6. I totally get your analogy! People are listening, I promise!
7. See...tell them whether they hear or not. :)
8. haha don't you just love that voice recorder?! My kids come up with the funniest stuff. It does kind of grate on my nerves when they repeat it over and over and over!
9. I seriously laughed out loud at the red hair is a warning to others. It's so true, isn't it?!
10. LOVE! you guys are so cute!

Brown English Muffin said...

2. No it's NOT just his!
5. Ooooh you have the same issues that I's so hard to control it as well.
6. Just let the darn shark get them after you've told them 3 times!! Once that legs gone they'll understand.
7. I can't believe in any world that people think you're crazy about this food thing?
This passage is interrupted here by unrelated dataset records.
lemma closed_mult_left_mult_set_projection:
  assumes "is_multiplier m" "closed (mult_left_mult_set m)"
  shows "\<exists>e. is_multiplier e \<and> mult_star e = e \<and> mult_times e e = e \<and>
    mult_left_mult_set m = mult_left_mult_set e"
proof -
  have m: "Rep_mult_alg (Abs_mult_alg m) = m" using assms(1) by (simp add: Abs_mult_alg_inverse)
  obtain E where E: "madjoint E = E" "E * E = E" "left_ideal E = left_ideal (Abs_mult_alg m)"
    using closed_star_subalgebra.closed_left_ideal_projection[OF closed_star_subalgebra_UNIV]
      assms(2) m by (metis UNIV_I mult_left_mult_set_eq_left_ideal)
  have "Rep_mult_alg (madjoint E) = mult_star (Rep_mult_alg E)"
    unfolding madjoint_def by (rule Abs_mult_alg_inverse) (simp add: is_multiplier_Rep_mult_star)
  then have "mult_star (Rep_mult_alg E) = Rep_mult_alg E" using E(1) by simp
  moreover have "Rep_mult_alg (E * E) = mult_times (Rep_mult_alg E) (Rep_mult_alg E)"
    unfolding times_mult_alg_def by (rule Abs_mult_alg_inverse) (simp add: is_multiplier_Rep_mult_times)
  then have "mult_times (Rep_mult_alg E) (Rep_mult_alg E) = Rep_mult_alg E" using E(2) by simp
  moreover have "mult_left_mult_set m = mult_left_mult_set (Rep_mult_alg E)"
    using E(3) m by (metis mult_left_mult_set_eq_left_ideal)
  moreover have "is_multiplier (Rep_mult_alg E)" using Rep_mult_alg[of E] by simp
  ultimately show ?thesis by blast
qed

theorem proposition2p5:
  fixes x :: "'a::cstar_algebra" and m :: "'a multiplier"
  shows "(closed (left_mult_set x) \<longrightarrow>
            (\<exists>e\<in>left_mult_set x. invol e = e \<and> e * e = e \<and>
                left_mult_set x = left_mult_set e))
       \<and> (is_multiplier m \<and> closed (mult_left_mult_set m) \<longrightarrow>
            (\<exists>e. is_multiplier e \<and> mult_star e = e \<and> mult_times e e = e \<and>
                mult_left_mult_set m = mult_left_mult_set e))"
  using closed_left_mult_set_projection closed_mult_left_mult_set_projection by blast

end
(* A subset $A$ of nonzero elements of a real normed space $X$ is topologically linearly independent if and only if it is uniformly minimal.
   Context: $X$ carries its norm topology. A subset $A\subseteq X\setminus\{0\}$ is topologically linearly independent if for every neighborhood $W$ of $0$ there is a neighborhood $U$ of $0$ such that for every finite $F\subseteq A$ and reals $\{r_a: a\in F\}$, $\sum_{a\in F}r_a a\in U$ implies $r_a a\in W$ for all $a\in F$. A subset $A\subseteq X\setminus\{0\}$ is uniformly minimal if there exists $K>0$ such that for every $a\in A$, $\operatorname{dist}\bigl(a/\|a\|,\ \overline{\langle A\setminus\{a\}\rangle_{\mathbb{R}}}\bigr)\ge K$, where $\langle\cdot\rangle_{\mathbb{R}}$ denotes linear span and the bar denotes norm closure. *)

theory Defs
  imports "HOL-Analysis.Analysis"
begin

definition top_lin_indep :: "'a::real_normed_vector set \<Rightarrow> bool" where
  "top_lin_indep A \<longleftrightarrow> 0 \<notin> A \<and>
     (\<forall>W. open W \<and> 0 \<in> W \<longrightarrow>
        (\<exists>U. open U \<and> 0 \<in> U \<and>
          (\<forall>F r. finite F \<and> F \<subseteq> A \<and> (\<Sum>a\<in>F. r a *\<^sub>R a) \<in> U \<longrightarrow>
                 (\<forall>a\<in>F. r a *\<^sub>R a \<in> W))))"

definition uniformly_minimal :: "'a::real_normed_vector set \<Rightarrow> bool" where
  "uniformly_minimal A \<longleftrightarrow> 0 \<notin> A \<and>
     (\<exists>K>0. \<forall>a\<in>A. infdist (a /\<^sub>R norm a) (closure (span (A - {a}))) \<ge> K)"

end

theory Submission
  imports Defs
begin

text \<open>Both notions say that the coefficient functionals on the span of A are uniformly
bounded: A is uniformly minimal with constant K iff K \<parallel>c a\<parallel> \<le> \<parallel>c a + y\<parallel> for all
a \<in> A, scalars c and y in the span of the other vectors. Such a bound gives topological
linear independence with U = ball 0 (K e) for W \<supseteq> ball 0 e; conversely, applying
topological linear independence to W = ball 0 1 and rescaling gives the bound with K the
radius of a ball inside U.\<close>

definition uniform_coefficient_bound :: "'a::real_normed_vector set \<Rightarrow> real \<Rightarrow> bool" where
  "uniform_coefficient_bound A K \<longleftrightarrow>
     (\<forall>a\<in>A. \<forall>c. \<forall>y\<in>span (A - {a}). K * norm (c *\<^sub>R a) \<le> norm (c *\<^sub>R a + y))"

lemma infdist_closure: "infdist x (closure S) = infdist x S"
  by (simp add: infdist_eq_setdist)

lemma le_infdist_iff:
  assumes "S \<noteq> {}"
  shows "K \<le> infdist x S \<longleftrightarrow> (\<forall>y\<in>S. K \<le> dist x y)"
  using assms by (simp add: infdist_notempty le_cINF_iff)

lemma dist_normalized_ge_iff_scaled_bound:
  fixes a :: "'a::real_normed_vector"
  assumes "a \<noteq> 0" "subspace S"
  shows "(\<forall>y\<in>S. K \<le> dist (a /\<^sub>R norm a) y) \<longleftrightarrow>
         (\<forall>c. \<forall>y\<in>S. K * norm (c *\<^sub>R a) \<le> norm (c *\<^sub>R a + y))"
proof
  assume dist_bound: "\<forall>y\<in>S. K \<le> dist (a /\<^sub>R norm a) y"
  show "\<forall>c. \<forall>y\<in>S. K * norm (c *\<^sub>R a) \<le> norm (c *\<^sub>R a + y)"
  proof (intro allI ballI)
    fix c y assume y: "y \<in> S"
    show "K * norm (c *\<^sub>R a) \<le> norm (c *\<^sub>R a + y)"
    proof (cases "c = 0")
      case False
      have na: "norm a > 0" using assms(1) by simp
      define z where "z = - (y /\<^sub>R (c * norm a))"
      have "z \<in> S" unfolding z_def using assms(2) y by (intro subspace_neg subspace_scale)
      then have "K \<le> norm (a /\<^sub>R norm a - z)" using dist_bound by (simp add: dist_norm)
      also have "a /\<^sub>R norm a - z = (c *\<^sub>R a + y) /\<^sub>R (c * norm a)"
        using False na by (simp add: z_def scaleR_add_right)
      also have "norm \<dots> = norm (c *\<^sub>R a + y) / norm (c *\<^sub>R a)"
        by (simp add: abs_mult divide_inverse mult_ac)
      finally show ?thesis using False na by (simp add: pos_le_divide_eq)
    qed simp
  qed
next
  assume scaled_bound: "\<forall>c. \<forall>y\<in>S. K * norm (c *\<^sub>R a) \<le> norm (c *\<^sub>R a + y)"
  show "\<forall>y\<in>S. K \<le> dist (a /\<^sub>R norm a) y"
  proof
    fix y assume "y \<in> S"
    then have "K * norm ((1 / norm a) *\<^sub>R a) \<le> norm ((1 / norm a) *\<^sub>R a + - y)"
      using scaled_bound assms(2) subspace_neg by blast
    then show "K \<le> dist (a /\<^sub>R norm a) y"
      using assms(1) by (simp add: dist_norm divide_inverse)
  qed
qed

lemma uniformly_minimal_iff_coefficient_bound:
  "uniformly_minimal A \<longleftrightarrow> 0 \<notin> A \<and> (\<exists>K>0. uniform_coefficient_bound A K)"
proof -
  have "K \<le> infdist (a /\<^sub>R norm a) (closure (span (A - {a}))) \<longleftrightarrow>
        (\<forall>c. \<forall>y\<in>span (A - {a}). K * norm (c *\<^sub>R a) \<le> norm (c *\<^sub>R a + y))"
    if "a \<in> A" "0 \<notin> A" for a K
  proof -
    have "span (A - {a}) \<noteq> {}" using span_zero by blast
    then have "K \<le> infdist (a /\<^sub>R norm a) (closure (span (A - {a}))) \<longleftrightarrow>
               (\<forall>y\<in>span (A - {a}). K \<le> dist (a /\<^sub>R norm a) y)"
      by (simp add: infdist_closure le_infdist_iff)
    also have "\<dots> \<longleftrightarrow> (\<forall>c. \<forall>y\<in>span (A - {a}). K * norm (c *\<^sub>R a) \<le> norm (c *\<^sub>R a + y))"
      using that by (intro dist_normalized_ge_iff_scaled_bound) auto
    finally show ?thesis .
  qed
  then show ?thesis
    unfolding uniformly_minimal_def uniform_coefficient_bound_def by auto
qed

lemma zero_nhds_iff_balls:
  fixes P :: "'a::real_normed_vector set \<Rightarrow> 'a set \<Rightarrow> bool"
  assumes mono: "\<And>U U' W W'. U' \<subseteq> U \<Longrightarrow> W \<subseteq> W' \<Longrightarrow> P U W \<Longrightarrow> P U' W'"
  shows "(\<forall>W. open W \<and> 0 \<in> W \<longrightarrow> (\<exists>U. open U \<and> 0 \<in> U \<and> P U W)) \<longleftrightarrow>
         (\<forall>e>0. \<exists>d>0. P (ball 0 d) (ball 0 e))"
proof
  assume nhds: "\<forall>W. open W \<and> 0 \<in> W \<longrightarrow> (\<exists>U. open U \<and> 0 \<in> U \<and> P U W)"
  show "\<forall>e>0. \<exists>d>0. P (ball 0 d) (ball 0 e)"
  proof (intro allI impI)
    fix e :: real assume "e > 0"
    then obtain U where "open U" "0 \<in> U" "P U (ball 0 e)"
      using nhds[rule_format, of "ball 0 e"] by auto
    moreover obtain d where "d > 0" "ball 0 d \<subseteq> U"
      using \<open>open U\<close> \<open>0 \<in> U\<close> open_contains_ball by blast
    ultimately show "\<exists>d>0. P (ball 0 d) (ball 0 e)" using mono by blast
  qed
next
  assume balls: "\<forall>e>0. \<exists>d>0. P (ball 0 d) (ball 0 e)"
  show "\<forall>W. open W \<and> 0 \<in> W \<longrightarrow> (\<exists>U. open U \<and> 0 \<in> U \<and> P U W)"
  proof (intro allI impI)
    fix W :: "'a set" assume "open W \<and> 0 \<in> W"
    then obtain e where "e > 0" "ball 0 e \<subseteq> W" using open_contains_ball by blast
    then obtain d where "d > 0" "P (ball 0 d) W" using balls mono by blast
    then show "\<exists>U. open U \<and> 0 \<in> U \<and> P U W" by (intro exI[of _ "ball 0 d"]) auto
  qed
qed

lemma top_lin_indep_iff_balls:
  "top_lin_indep A \<longleftrightarrow> 0 \<notin> A \<and>
     (\<forall>e>0. \<exists>d>0. \<forall>F r. finite F \<and> F \<subseteq> A \<and> norm (\<Sum>a\<in>F. r a *\<^sub>R a) < d \<longrightarrow>
        (\<forall>a\<in>F. norm (r a *\<^sub>R a) < e))"
proof -
  have "(\<forall>W. open W \<and> 0 \<in> W \<longrightarrow> (\<exists>U. open U \<and> 0 \<in> U \<and>
          (\<forall>F r. finite F \<and> F \<subseteq> A \<and> (\<Sum>a\<in>F. r a *\<^sub>R a) \<in> U \<longrightarrow> (\<forall>a\<in>F. r a *\<^sub>R a \<in> W)))) \<longleftrightarrow>
        (\<forall>e>0. \<exists>d>0. \<forall>F r. finite F \<and> F \<subseteq> A \<and> (\<Sum>a\<in>F. r a *\<^sub>R a) \<in> ball 0 d \<longrightarrow>
          (\<forall>a\<in>F. r a *\<^sub>R a \<in> ball 0 e))"
    by (rule zero_nhds_iff_balls) blast
  then show ?thesis unfolding top_lin_indep_def by simp
qed

lemma sum_split_off_span_diff:
  assumes "finite F" "a \<in> F" "F \<subseteq> A"
  shows "(\<Sum>b\<in>F. r b *\<^sub>R b) = r a *\<^sub>R a + (\<Sum>b\<in>F - {a}. r b *\<^sub>R b)"
    and "(\<Sum>b\<in>F - {a}. r b *\<^sub>R b) \<in> span (A - {a})"
proof -
  show "(\<Sum>b\<in>F. r b *\<^sub>R b) = r a *\<^sub>R a + (\<Sum>b\<in>F - {a}. r b *\<^sub>R b)"
    using assms by (simp add: sum.remove)
  show "(\<Sum>b\<in>F - {a}. r b *\<^sub>R b) \<in> span (A - {a})"
    using assms by (intro span_sum span_scale span_base) auto
qed

lemma sum_insert_of_span_diff:
  assumes "a \<in> A" "y \<in> span (A - {a})"
  obtains F r where "finite F" "F \<subseteq> A" "a \<in> F" "r a = c" "(\<Sum>b\<in>F. r b *\<^sub>R b) = c *\<^sub>R a + y"
proof -
  from assms(2) obtain G s where G: "finite G" "G \<subseteq> A - {a}" "(\<Sum>b\<in>G. s b *\<^sub>R b) = y"
    unfolding span_explicit by blast
  define r where "r = s(a := c)"
  have "(\<Sum>b\<in>G. r b *\<^sub>R b) = (\<Sum>b\<in>G. s b *\<^sub>R b)"
    using G(2) by (intro sum.cong) (auto simp: r_def)
  also have "\<dots> = y" by (fact G(3))
  finally have "(\<Sum>b\<in>G. r b *\<^sub>R b) = y" .
  then have "(\<Sum>b\<in>insert a G. r b *\<^sub>R b) = c *\<^sub>R a + y"
    using G by (subst sum.insert) (auto simp: r_def)
  then show ?thesis
    using that[of "insert a G" r] G assms(1) by (auto simp: r_def)
qed

lemma top_lin_indep_if_coefficient_bound:
  assumes "uniform_coefficient_bound A K" "K > 0" "0 \<notin> A"
  shows "top_lin_indep A"
  unfolding top_lin_indep_iff_balls
proof (intro conjI allI impI)
  fix e :: real assume "e > 0"
  have "norm (r a *\<^sub>R a) < e"
    if "finite F" "F \<subseteq> A" "norm (\<Sum>a\<in>F. r a *\<^sub>R a) < K * e" "a \<in> F" for F r a
  proof -
    have "K * norm (r a *\<^sub>R a) \<le> norm (\<Sum>a\<in>F. r a *\<^sub>R a)"
      using assms(1) that sum_split_off_span_diff[OF that(1,4,2), of r]
      unfolding uniform_coefficient_bound_def by auto
    with assms(2) that(3) show ?thesis by (meson order_le_less_trans mult_less_cancel_left_pos)
  qed
  then show "\<exists>d>0. \<forall>F r. finite F \<and> F \<subseteq> A \<and> norm (\<Sum>a\<in>F. r a *\<^sub>R a) < d \<longrightarrow>
      (\<forall>a\<in>F. norm (r a *\<^sub>R a) < e)"
    using assms(2) \<open>e > 0\<close> by (intro exI[of _ "K * e"]) auto
qed (fact assms(3))

lemma coefficient_bound_if_top_lin_indep:
  assumes "top_lin_indep A"
  obtains K where "K > 0" "uniform_coefficient_bound A K"
proof -
  have "\<forall>e>0. \<exists>d>0. \<forall>F r. finite F \<and> F \<subseteq> A \<and> norm (\<Sum>a\<in>F. r a *\<^sub>R a) < d \<longrightarrow>
      (\<forall>a\<in>F. norm (r a *\<^sub>R a) < e)"
    using assms unfolding top_lin_indep_iff_balls by (rule conjunct2)
  from this[rule_format, OF zero_less_one] obtain d where "d > 0" and small:
    "\<forall>F r. finite F \<and> F \<subseteq> A \<and> norm (\<Sum>a\<in>F. r a *\<^sub>R a) < d \<longrightarrow> (\<forall>a\<in>F. norm (r a *\<^sub>R a) < 1)"
    by blast
  have "d * norm (c *\<^sub>R a) \<le> norm (c *\<^sub>R a + y)"
    if a: "a \<in> A" and y: "y \<in> span (A - {a})" for a c y
  proof (rule ccontr)
    assume less: "\<not> ?thesis"
    then have "norm (c *\<^sub>R a) > 0"
      using \<open>d > 0\<close> by (metis mult_eq_0_iff norm_ge_zero not_le order_le_less)
    text \<open>Rescale so that the a-coefficient term has norm exactly 1.\<close>
    define t where "t = 1 / norm (c *\<^sub>R a)"
    have "t *\<^sub>R y \<in> span (A - {a})" using y by (rule span_scale)
    obtain F r where F: "finite F" "F \<subseteq> A" "a \<in> F" "r a = t * c"
      and sum: "(\<Sum>b\<in>F. r b *\<^sub>R b) = (t * c) *\<^sub>R a + t *\<^sub>R y"
      using sum_insert_of_span_diff[OF a \<open>t *\<^sub>R y \<in> _\<close>] by blast
    have "(\<Sum>b\<in>F. r b *\<^sub>R b) = t *\<^sub>R (c *\<^sub>R a + y)"
      by (simp add: sum scaleR_add_right)
    then have "norm (\<Sum>b\<in>F. r b *\<^sub>R b) = norm (c *\<^sub>R a + y) / norm (c *\<^sub>R a)"
      by (simp add: t_def)
    also have "\<dots> < d"
      using less \<open>norm (c *\<^sub>R a) > 0\<close> by (simp add: pos_divide_less_eq)
    finally have "norm (r a *\<^sub>R a) < 1" using small F by blast
    then show False using \<open>norm (c *\<^sub>R a) > 0\<close> by (simp add: F(4) t_def split: if_split_asm)
  qed
  then show ?thesis
    using that \<open>d > 0\<close> unfolding uniform_coefficient_bound_def by blast
qed

theorem theorem4p5:
  fixes A :: "'a::real_normed_vector set"
  assumes "0 \<notin> A"
  shows "top_lin_indep A \<longleftrightarrow> uniformly_minimal A"
proof
  assume "top_lin_indep A"
  then obtain K where "K > 0" "uniform_coefficient_bound A K"
    by (rule coefficient_bound_if_top_lin_indep)
  with assms show "uniformly_minimal A"
    unfolding uniformly_minimal_iff_coefficient_bound by blast
next
  assume "uniformly_minimal A"
  then obtain K where "K > 0" "uniform_coefficient_bound A K"
    unfolding uniformly_minimal_iff_coefficient_bound by blast
  with assms show "top_lin_indep A"
    using top_lin_indep_if_coefficient_bound by blast
qed

end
What is there to NOT get?

Jude said...

i am surprised someone thought you unhappy?? I would describe you as "happy go lucky" even. but then, i have heard people call me cheerful and micah and I both chuckle!
I had a total mommy mean melt down when one of the boys turned off the oven timer and made me miss my ebay auction for an ever coveted, and local pick up, typewriter. it was blue. it went for $11.56. yep, and now you are thinking my anger was understandable right? and that folks, is why you and I are friends. (even if I keep eating 100 calorie packs of baked cheetos. shark! hahahahahaha!!!!)